'''
text \<open>Two applications of the mean value theorem, first along \<open>u\<close>, then along \<open>v\<close>.\<close>

lemma second_difference_eq_dir_deriv2:
  assumes du: "\<forall>y. (\<lambda>t. g (y + t *\<^sub>R u)) differentiable (at 0)"
    and duv: "\<forall>y. (\<lambda>t. dir_deriv u g (y + t *\<^sub>R v)) differentiable (at 0)"
    and s: "0 < s"
  obtains y where "norm (y - x) \<le> s * (norm u + norm v)"
    and "g (x + s *\<^sub>R u + s *\<^sub>R v) - g (x + s *\<^sub>R u) - g (x + s *\<^sub>R v) + g x
           = s\<^sup>2 * dir_deriv v (dir_deriv u g) y"
proof -
  define \<phi> where "\<phi> \<sigma> = g ((x + s *\<^sub>R v) + \<sigma> *\<^sub>R u) - g (x + \<sigma> *\<^sub>R u)" for \<sigma>
  have "(\<phi> has_real_derivative
          dir_deriv u g ((x + s *\<^sub>R v) + \<sigma> *\<^sub>R u) - dir_deriv u g (x + \<sigma> *\<^sub>R u)) (at \<sigma>)" for \<sigma>
    unfolding \<phi>_def by (intro DERIV_diff has_real_derivative_dir_deriv[OF du])
  from MVT2[OF s this] obtain \<sigma> where \<sigma>: "0 < \<sigma>" "\<sigma> < s"
    and \<phi>_diff: "\<phi> s - \<phi> 0 = (s - 0) *
      (dir_deriv u g ((x + s *\<^sub>R v) + \<sigma> *\<^sub>R u) - dir_deriv u g (x + \<sigma> *\<^sub>R u))"
    by blast
  define \<psi> where "\<psi> \<tau> = dir_deriv u g ((x + \<sigma> *\<^sub>R u) + \<tau> *\<^sub>R v)" for \<tau>
  have "(\<psi> has_real_derivative dir_deriv v (dir_deriv u g) ((x + \<sigma> *\<^sub>R u) + \<tau> *\<^sub>R v)) (at \<tau>)" for \<tau>
    unfolding \<psi>_def by (rule has_real_derivative_dir_deriv[OF duv])
  from MVT2[OF s this] obtain \<tau> where \<tau>: "0 < \<tau>" "\<tau> < s"
    and \<psi>_diff: "\<psi> s - \<psi> 0 = (s - 0) * dir_deriv v (dir_deriv u g) ((x + \<sigma> *\<^sub>R u) + \<tau> *\<^sub>R v)"
    by blast
  define y where "y = (x + \<sigma> *\<^sub>R u) + \<tau> *\<^sub>R v"
  have "norm (y - x) \<le> \<sigma> * norm u + \<tau> * norm v"
    using norm_triangle_ineq[of "\<sigma> *\<^sub>R u" "\<tau> *\<^sub>R v"] \<sigma> \<tau> unfolding y_def by simp
  also have "\<dots> \<le> s * (norm u + norm v)"
    using \<sigma> \<tau> by (simp add: distrib_left add_mono mult_right_mono)
  finally have "norm (y - x) \<le> s * (norm u + norm v)" .
  moreover have "g (x + s *\<^sub>R u + s *\<^sub>R v) - g (x + s *\<^sub>R u) - g (x + s *\<^sub>R v) + g x = \<phi> s - \<phi> 0"
    unfolding \<phi>_def by (simp add: algebra_simps)
  moreover have "\<phi> s - \<phi> 0 = s\<^sup>2 * dir_deriv v (dir_deriv u g) y"
    using \<phi>_diff \<psi>_diff unfolding \<psi>_def y_def by (simp add: power2_eq_square algebra_simps)
  ultimately show thesis using that by simp
qed

text \<open>Schwarz's theorem: the symmetric second difference is, up to \<open>s\<^sup>2\<close>, a value of either
  mixed derivative near \<open>x\<close>, so by continuity the two mixed derivatives agree at \<open>x\<close>.\<close>

lemma dir_deriv_commute:
  assumes du: "\<forall>y. (\<lambda>t. g (y + t *\<^sub>R u)) differentiable (at 0)"
    and dv: "\<forall>y. (\<lambda>t. g (y + t *\<^sub>R v)) differentiable (at 0)"
    and duv: "\<forall>y. (\<lambda>t. dir_deriv u g (y + t *\<^sub>R v)) differentiable (at 0)"
    and dvu: "\<forall>y. (\<lambda>t. dir_deriv v g (y + t *\<^sub>R u)) differentiable (at 0)"
    and cont_uv: "continuous_on UNIV (dir_deriv v (dir_deriv u g))"
    and cont_vu: "continuous_on UNIV (dir_deriv u (dir_deriv v g))"
  shows "dir_deriv v (dir_deriv u g) x = dir_deriv u (dir_deriv v g) x"
proof (rule ccontr)
  define A where "A = dir_deriv v (dir_deriv u g) x"
  define B where "B = dir_deriv u (dir_deriv v g) x"
  assume "dir_deriv v (dir_deriv u g) x \<noteq> dir_deriv u (dir_deriv v g) x"
  then have e: "\<bar>A - B\<bar> / 2 > 0" unfolding A_def B_def by simp
  obtain d1 where d1: "d1 > 0" "\<And>y. dist y x < d1 \<Longrightarrow> dist (dir_deriv v (dir_deriv u g) y) A < \<bar>A - B\<bar> / 2"
    using cont_uv e unfolding continuous_on_iff A_def by blast
  obtain d2 where d2: "d2 > 0" "\<And>y. dist y x < d2 \<Longrightarrow> dist (dir_deriv u (dir_deriv v g) y) B < \<bar>A - B\<bar> / 2"
    using cont_vu e unfolding continuous_on_iff B_def by blast
  define K where "K = norm u + norm v + 1"
  define s where "s = min d1 d2 / (2 * K)"
  have K: "K > 0" unfolding K_def by (simp add: add_nonneg_pos)
  have s: "s > 0" unfolding s_def using d1 d2 K by simp
  have "s * (norm u + norm v) < s * K" using s unfolding K_def by simp
  also have "s * K < min d1 d2" unfolding s_def using d1 d2 K by (simp add: min_def)
  finally have close: "s * (norm u + norm v) < min d1 d2" .
  obtain y1 where y1: "norm (y1 - x) \<le> s * (norm u + norm v)"
    "g (x + s *\<^sub>R u + s *\<^sub>R v) - g (x + s *\<^sub>R u) - g (x + s *\<^sub>R v) + g x
       = s\<^sup>2 * dir_deriv v (dir_deriv u g) y1"
    using second_difference_eq_dir_deriv2[OF du duv s] by blast
  obtain y2 where y2: "norm (y2 - x) \<le> s * (norm v + norm u)"
    "g (x + s *\<^sub>R v + s *\<^sub>R u) - g (x + s *\<^sub>R v) - g (x + s *\<^sub>R u) + g x
       = s\<^sup>2 * dir_deriv u (dir_deriv v g) y2"
    using second_difference_eq_dir_deriv2[OF dv dvu s] by blast
  have "dir_deriv v (dir_deriv u g) y1 = dir_deriv u (dir_deriv v g) y2"
    using y1(2) y2(2) s by (simp add: algebra_simps)
  moreover have "\<bar>dir_deriv v (dir_deriv u g) y1 - A\<bar> < \<bar>A - B\<bar> / 2"
    using d1(2)[of y1] y1(1) close by (simp add: dist_norm dist_real_def)
  moreover have "\<bar>dir_deriv u (dir_deriv v g) y2 - B\<bar> < \<bar>A - B\<bar> / 2"
    using d2(2)[of y2] y2(1) close by (simp add: dist_norm dist_real_def add.commute)
  ultimately show False by (simp add: abs_if split: if_splits)
qed

lemma partial_commute:
  assumes "C1 g" "C1 (partial i g)" "C1 (partial j g)"
  shows "partial j (partial i g) = partial i (partial j g)"
proof
  fix x
  show "partial j (partial i g) x = partial i (partial j g) x"
    using assms unfolding C1_def partial_eq_dir_deriv by (intro dir_deriv_commute) auto
qed

lemma C3_partial2_commute:
  assumes "C3 f"
  shows "partial i (partial j f) = partial j (partial i f)"
  using assms unfolding C3_def by (intro partial_commute) auto

lemma C3_partial3_commute:
  assumes "C3 f"
  shows "partial i (partial j (partial k f)) = partial j (partial i (partial k f))"
    and "partial i (partial j (partial k f)) = partial i (partial k (partial j f))"
proof -
  show "partial i (partial j (partial k f)) = partial j (partial i (partial k f))"
    using assms unfolding C3_def by (auto intro: partial_commute)
  show "partial i (partial j (partial k f)) = partial i (partial k (partial j f))"
    using C3_partial2_commute[OF assms, of j k] by simp
qed

lemma C3_partial3_sorted:
  assumes "C3 f"
  shows "partial 1 (partial 2 (partial 1 f)) = partial 1 (partial 1 (partial 2 f))"
    and "partial 2 (partial 1 (partial 1 f)) = partial 1 (partial 1 (partial 2 f))"
    and "partial 2 (partial 1 (partial 2 f)) = partial 1 (partial 2 (partial 2 f))"
    and "partial 2 (partial 2 (partial 1 f)) = partial 1 (partial 2 (partial 2 f))"
  using C3_partial3_commute[OF assms] by metis+

lemma invertible_matrix_inv:
  fixes A :: "'a::field^'n^'n"
  assumes "invertible A"
  shows "A ** matrix_inv A = mat 1" and "matrix_inv A ** A = mat 1"
  using assms someI_ex[of "\<lambda>A'. A ** A' = mat 1 \<and> A' ** A = mat 1"]
  unfolding invertible_def matrix_inv_def by auto

lemma matrix_inv_unique:
  fixes A B :: "'a::field^'n^'n"
  assumes "A ** B = mat 1" and "B ** A = mat 1"
  shows "matrix_inv A = B"
proof -
  have "invertible A" using assms unfolding invertible_def by blast
  then have "matrix_inv A = matrix_inv A ** (A ** B)"
    using assms by (simp add: matrix_mul_rid)
  also have "\<dots> = B"
    using invertible_matrix_inv[OF \<open>invertible A\<close>] by (simp add: matrix_mul_assoc matrix_mul_lid)
  finally show ?thesis .
qed

lemma inner_real2: "(u::real^2) \<bullet> y = u$1 * y$1 + u$2 * y$2"
  by (simp add: inner_vec_def sum_2)

lemma real2x2_eq_iff:
  "(A::real^2^2) = B \<longleftrightarrow> A$1$1 = B$1$1 \<and> A$1$2 = B$1$2 \<and> A$2$1 = B$2$1 \<and> A$2$2 = B$2$2"
  by (simp add: vec_eq_iff forall_2)

lemma matrix_matrix_mult_real2x2: "((A::real^2^2) ** B)$i$j = A$i$1 * B$1$j + A$i$2 * B$2$j"
  by (simp add: matrix_matrix_mult_def sum_2)

lemma lin_indep2_iff: "lin_indep2 u v \<longleftrightarrow> u$1 * v$2 \<noteq> u$2 * v$1"
proof
  assume "lin_indep2 u v"
  then have "v \<noteq> 0" and u_notin: "u \<notin> span {v}"
    unfolding lin_indep2_def by (auto simp: independent_insert)
  show "u$1 * v$2 \<noteq> u$2 * v$1"
  proof
    assume det0: "u$1 * v$2 = u$2 * v$1"
    have "u = (if v$1 = 0 then u$2 / v$2 else u$1 / v$1) *\<^sub>R v"
      using det0 \<open>v \<noteq> 0\<close> by (auto simp: vec_eq_iff forall_2 field_simps)
    then show False
      using u_notin by (metis span_base span_scale singletonI)
  qed
next
  assume det: "u$1 * v$2 \<noteq> u$2 * v$1"
  then have "u \<notin> span {v}"
    by (auto simp: span_singleton)
  moreover have "u \<noteq> v" "v \<noteq> 0" using det by auto
  ultimately show "lin_indep2 u v"
    unfolding lin_indep2_def by (simp add: independent_insert)
qed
'''
_Problem details_.
Output the line containing "det by auto" and each line after it through the close of the entries, unchanged and with no other lines.

_Problem solution_.
  moreover have "u \<noteq> v" "v \<noteq> 0" using det by auto
  ultimately show "lin_indep2 u v"
    unfolding lin_indep2_def by (simp add: independent_insert)
qed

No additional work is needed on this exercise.